» YOUR INSTRUCTIONS:
Look through the entries below and extract exactly the lines from the one containing "then show ?thesis using infdist_lessE[OF" through the one containing "0 \<le> dist", ends included.

----- ENTRIES PROVIDED -----

text \<open>Suppose no such delta exists. Then there are continua A_m and cubes [-N_m,N_m]^k such that
  all images T^v A_m over the cube have diameter at most 2c, some B_m = T^(n_m) A_m has diameter
  at least c, and the images over the boundary have diameter at most 1/(m+1). A subsequence of
  the B_m converges in the sense of Kuratowski to a continuum C of diameter at least c, so
  expansivity yields w with diam T^w C > 2c. On the other hand n_m + w eventually stays in the
  cube: otherwise n_m lies within |w| of a boundary point b, and by uniform continuity of the
  finitely many maps T^v with |v| <= |w| the set B_m = T^(n_m - b) (T^b A_m) would be small.
  Hence diam T^w B_m <= 2c eventually, and this bound passes to the limit C.\<close>

lemma diameter_leI:
  fixes S :: "'a::metric_space set"
  assumes "S \<noteq> {}" "\<And>x y. x \<in> S \<Longrightarrow> y \<in> S \<Longrightarrow> dist x y \<le> d"
  shows "diameter S \<le> d"
  using assms by (auto simp: diameter_def intro!: cSUP_least)

lemma infdist_lessE:
  fixes A :: "'a::metric_space set"
  assumes "A \<noteq> {}" "infdist x A < d"
  obtains a where "a \<in> A" "dist x a < d"
  using assms by (auto simp: infdist_def cINF_less_iff)

lemma compact_imp_countable_dense:
  fixes X :: "'a::metric_space set"
  assumes "compact X"
  obtains D where "countable D" "D \<subseteq> X" "\<And>x e. x \<in> X \<Longrightarrow> e > 0 \<Longrightarrow> \<exists>d\<in>D. dist x d < e"
proof -
  have "\<exists>K. K \<subseteq> X \<and> finite K \<and> X \<subseteq> (\<Union>c\<in>K. ball c (1 / real (Suc n)))" for n
    using compactE_image[OF assms, of X "\<lambda>c. ball c (1 / real (Suc n))"] by force
  then obtain K where K: "\<And>n. K n \<subseteq> X \<and> finite (K n) \<and> X \<subseteq> (\<Union>c\<in>K n. ball c (1 / real (Suc n)))"
    by metis
  show ?thesis
  proof
    show "countable (\<Union>n. K n)" using K by (auto intro: countable_finite)
    show "(\<Union>n. K n) \<subseteq> X" using K by auto
    fix x e assume "x \<in> X" "(e::real) > 0"
    then obtain n where n: "1 / real (Suc n) < e"
      by (metis nat_approx_posE)
    from K[of n] \<open>x \<in> X\<close> obtain c where "c \<in> K n" "dist c x < 1 / real (Suc n)" by auto
    with n show "\<exists>d\<in>(\<Union>n. K n). dist x d < e" by (auto simp: dist_commute intro!: bexI[of _ c])
  qed
qed

lemma finite_uniformly_equicontinuous_on:
  fixes X :: "'a::metric_space set" and f :: "'i \<Rightarrow> 'a \<Rightarrow> 'b::metric_space"
  assumes X: "compact X" and S: "finite S" and cont: "\<And>i. i \<in> S \<Longrightarrow> continuous_on X (f i)" and "e > 0"
  obtains d where "d > 0" "\<And>i x y. i \<in> S \<Longrightarrow> x \<in> X \<Longrightarrow> y \<in> X \<Longrightarrow> dist x y < d \<Longrightarrow> dist (f i x) (f i y) < e"
proof -
  have "\<exists>d>0. \<forall>i\<in>S. \<forall>x\<in>X. \<forall>y\<in>X. dist x y < d \<longrightarrow> dist (f i x) (f i y) < e"
    using S cont
  proof (induction S rule: finite_induct)
    case empty
    show ?case by (auto intro: exI[of _ 1])
  next
    case (insert i S)
    then obtain d1 where d1: "d1 > 0" "\<forall>i\<in>S. \<forall>x\<in>X. \<forall>y\<in>X. dist x y < d1 \<longrightarrow> dist (f i x) (f i y) < e"
      by auto
    have "uniformly_continuous_on X (f i)"
      using insert.prems X by (auto intro: compact_uniformly_continuous)
    then obtain d2 where d2: "d2 > 0" "\<forall>x\<in>X. \<forall>x'\<in>X. dist x' x < d2 \<longrightarrow> dist (f i x') (f i x) < e"
      using \<open>e > 0\<close> unfolding uniformly_continuous_on_def by blast
    show ?case
      using d1 d2 by (intro exI[of _ "min d1 d2"]) auto
  qed
  then show ?thesis using that by blast
qed

section \<open>Kuratowski limits\<close>

text \<open>\<open>C\<close> is both the lower and the upper Kuratowski limit of the sets \<open>B m\<close>.\<close>

definition kuratowski_limit :: "(nat \<Rightarrow> 'a::topological_space set) \<Rightarrow> 'a set \<Rightarrow> bool" where
  "kuratowski_limit B C \<longleftrightarrow>
     (\<forall>x\<in>C. \<exists>xs. (\<forall>m. xs m \<in> B m) \<and> xs \<longlonglongrightarrow> x) \<and>
     (\<forall>s ys y. strict_mono s \<longrightarrow> (\<forall>j. ys j \<in> B (s j)) \<longrightarrow> ys \<longlonglongrightarrow> y \<longrightarrow> y \<in> C)"

lemma kuratowski_limitD:
  assumes "kuratowski_limit B C"
  shows kuratowski_limit_approx: "x \<in> C \<Longrightarrow> \<exists>xs. (\<forall>m. xs m \<in> B m) \<and> xs \<longlonglongrightarrow> x"
    and kuratowski_limit_cluster: "strict_mono s \<Longrightarrow> (\<And>j. ys j \<in> B (s j)) \<Longrightarrow> ys \<longlonglongrightarrow> y \<Longrightarrow> y \<in> C"
  using assms unfolding kuratowski_limit_def by blast+

lemma infdist_convergent_subsequence:
  fixes X :: "'a::metric_space set" and B :: "nat \<Rightarrow> 'a set"
  assumes X: "compact X" and B: "\<And>m. B m \<subseteq> X" "\<And>m. B m \<noteq> {}"
  obtains r where "strict_mono r" "\<And>x. x \<in> X \<Longrightarrow> convergent (\<lambda>m. infdist x (B (r m)))"
proof -
  obtain D where D: "countable D" "D \<subseteq> X" "\<And>x e. x \<in> X \<Longrightarrow> e > 0 \<Longrightarrow> \<exists>d\<in>D. dist x d < e"
    using compact_imp_countable_dense[OF X] by blast
  have bounded: "norm (infdist x (B m)) \<le> diameter X" if "x \<in> D" for m x
  proof -
    obtain b where "b \<in> B m" using B(2) by blast
    then have "infdist x (B m) \<le> dist x b" by (rule infdist_le)
    also have "\<dots> \<le> diameter X"
      using diameter_bounded_bound[OF compact_imp_bounded[OF X]] that D(2) B(1) \<open>b \<in> B m\<close> by blast
    finally show ?thesis by (simp add: infdist_nonneg)
  qed
  obtain r where r: "strict_mono r" and conv: "\<And>x. x \<in> D \<Longrightarrow> \<exists>l. (\<lambda>m. infdist x (B (r m))) \<longlonglongrightarrow> l"
    using function_convergent_subsequence[of D "\<lambda>m x. infdist x (B m)" "diameter X"] D(1) bounded
    by blast
  define F where "F m x = infdist x (B (r m))" for m x
  have "Cauchy (\<lambda>m. F m x)" if "x \<in> X" for x
  proof (rule metric_CauchyI)
    fix e :: real assume "e > 0"
    then obtain d where d: "d \<in> D" "dist x d < e/3" using D(3)[OF \<open>x \<in> X\<close>, of "e/3"] by auto
    then have "Cauchy (\<lambda>m. F m d)" using conv by (auto simp: F_def intro: LIMSEQ_imp_Cauchy)
    then obtain M where M: "\<forall>m\<ge>M. \<forall>n\<ge>M. dist (F m d) (F n d) < e/3"
      using \<open>e > 0\<close> metric_CauchyD[of "\<lambda>m. F m d" "e/3"] by force
    \<comment> \<open>each F m is 1-Lipschitz, so the Cauchy property passes from d to the nearby x\<close>
    have Lip: "\<bar>F m x - F m d\<bar> \<le> dist x d" for m
      unfolding F_def by (rule infdist_triangle_abs)
    have "dist (F m x) (F n x) < e" if "m \<ge> M" "n \<ge> M" for m n
    proof -
      have "\<bar>F m d - F n d\<bar> < e/3" using M that by (auto simp: dist_real_def)
      then show ?thesis using d(2) Lip[of m] Lip[of n] unfolding dist_real_def by linarith
    qed
    then show "\<exists>M. \<forall>m\<ge>M. \<forall>n\<ge>M. dist (F m x) (F n x) < e" by blast
  qed
  with r show ?thesis using that by (auto simp: F_def Cauchy_convergent_iff)
qed

lemma kuratowski_limit_subsequence:
  fixes X :: "'a::metric_space set" and B :: "nat \<Rightarrow> 'a set"
  assumes X: "compact X" and B: "\<And>m. B m \<subseteq> X" "\<And>m. B m \<noteq> {}"
  obtains r C where "strict_mono r" "C \<subseteq> X" "closed C" "kuratowski_limit (\<lambda>m. B (r m)) C"
proof -
  obtain r where r: "strict_mono r" and conv: "\<And>x. x \<in> X \<Longrightarrow> convergent (\<lambda>m. infdist x (B (r m)))"
    using infdist_convergent_subsequence[of X B, OF X B] by blast
  define F where "F m x = infdist x (B (r m))" for m x
  define g where "g x = lim (\<lambda>m. F m x)" for x
  have Fg: "(\<lambda>m. F m x) \<longlonglongrightarrow> g x" if "x \<in> X" for x
    using conv[OF that] unfolding F_def g_def by (simp add: convergent_LIMSEQ_iff)
  have "dist (g x) (g y) \<le> 1 * dist x y" if "x \<in> X" "y \<in> X" for x y
  proof -
    have "(\<lambda>m. \<bar>F m x - F m y\<bar>) \<longlonglongrightarrow> \<bar>g x - g y\<bar>" by (intro tendsto_rabs tendsto_diff Fg that)
    moreover have "\<forall>m. \<bar>F m x - F m y\<bar> \<le> dist x y" unfolding F_def by (simp add: infdist_triangle_abs)
    ultimately have "\<bar>g x - g y\<bar> \<le> dist x y" by (meson LIMSEQ_le_const2)
    then show ?thesis by (simp add: dist_real_def)
  qed
  then have "lipschitz_on 1 X g" by (intro lipschitz_onI) auto
  then have "continuous_on X g" by (rule lipschitz_on_continuous_on)
  define C where "C = {x\<in>X. g x = 0}"
  have "closed C"
    unfolding C_def using \<open>continuous_on X g\<close> compact_imp_closed[OF X]
    by (rule continuous_closed_preimage_constant)
  have approx: "\<exists>xs. (\<forall>m. xs m \<in> B (r m)) \<and> xs \<longlonglongrightarrow> x" if "x \<in> C" for x
  proof -
    have "\<exists>a. a \<in> B (r m) \<and> dist x a < F m x + inverse (real (Suc m))" for m
    proof -
      have "infdist x (B (r m)) < F m x + inverse (real (Suc m))" by (simp add: F_def)
      then show ?thesis using infdist_lessE[OF B(2)] by metis
    qed
    then obtain xs where xs: "\<And>m. xs m \<in> B (r m)" "\<And>m. dist x (xs m) < F m x + inverse (real (Suc m))"
      by metis
    have bound: "(\<lambda>m. F m x + inverse (real (Suc m))) \<longlonglongrightarrow> 0"
      using tendsto_add[OF Fg LIMSEQ_inverse_real_of_nat, of x] that by (simp add: C_def)
    have le: "dist (xs m) x \<le> F m x + inverse (real (Suc m))" for m
      using xs(2)[of m] by (simp add: dist_commute)
    have "(\<lambda>m. dist (xs m) x) \<longlonglongrightarrow> 0"
    proof (rule tendsto_sandwich[OF _ _ tendsto_const bound])
      show "\<forall>\<^sub>F m in sequentially. 0 \<le> dist (xs m) x" by simp
      show "\<forall>\<^sub>F m in sequentially. dist (xs m) x \<le> F m x + inverse (real (Suc m))" using le by simp
    qed
    then have "xs \<longlonglongrightarrow> x" by (rule tendsto_dist_iff[THEN iffD2])
    with xs(1) show ?thesis by blast
  qed
  have cluster: "y \<in> C" if s: "strict_mono s" and ys: "\<And>j. ys j \<in> B (r (s j))" and lim: "ys \<longlonglongrightarrow> y"
    for s ys y
  proof -
    have "y \<in> X" using closed_sequentially[OF compact_imp_closed[OF X] _ lim] ys B(1) by blast
    have lim0: "(\<lambda>j. dist (ys j) y) \<longlonglongrightarrow> 0" using lim by (rule tendsto_dist_iff[THEN iffD1])
    have le: "F (s j) y \<le> dist (ys j) y" for j
      unfolding F_def using infdist_le[OF ys] by (simp add: dist_commute)
    have "(\<lambda>j. F (s j) y) \<longlonglongrightarrow> 0"
    proof (rule tendsto_sandwich[OF _ _ tendsto_const lim0])
      show "\<forall>\<^sub>F j in sequentially. 0 \<le> F (s j) y" by (simp add: F_def infdist_nonneg)
      show "\<forall>\<^sub>F j in sequentially. F (s j) y \<le> dist (ys j) y" using le by simp
    qed
    moreover have "(\<lambda>j. F (s j) y) \<longlonglongrightarrow> g y"
      using LIMSEQ_subseq_LIMSEQ[OF Fg[OF \<open>y \<in> X\<close>] s] by (simp add: o_def)
    ultimately show ?thesis using \<open>y \<in> X\<close> LIMSEQ_unique by (auto simp: C_def)
  qed
  have "kuratowski_limit (\<lambda>m. B (r m)) C"
    unfolding kuratowski_limit_def using approx cluster by blast
  moreover have "C \<subseteq> X" by (auto simp: C_def)
  ultimately show ?thesis using that r \<open>closed C\<close> by blast
qed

-----

» SOLUTION TO THIS TASK:
      then show ?thesis using infdist_lessE[OF B(2)] by metis
    qed
    then obtain xs where xs: "\<And>m. xs m \<in> B (r m)" "\<And>m. dist x (xs m) < F m x + inverse (real (Suc m))"
      by metis
    have bound: "(\<lambda>m. F m x + inverse (real (Suc m))) \<longlonglongrightarrow> 0"
      using tendsto_add[OF Fg LIMSEQ_inverse_real_of_nat, of x] that by (simp add: C_def)
    have le: "dist (xs m) x \<le> F m x + inverse (real (Suc m))" for m
      using xs(2)[of m] by (simp add: dist_commute)
    have "(\<lambda>m. dist (xs m) x) \<longlonglongrightarrow> 0"
    proof (rule tendsto_sandwich[OF _ _ tendsto_const bound])
      show "\<forall>\<^sub>F m in sequentially. 0 \<le> dist (xs m) x" by simp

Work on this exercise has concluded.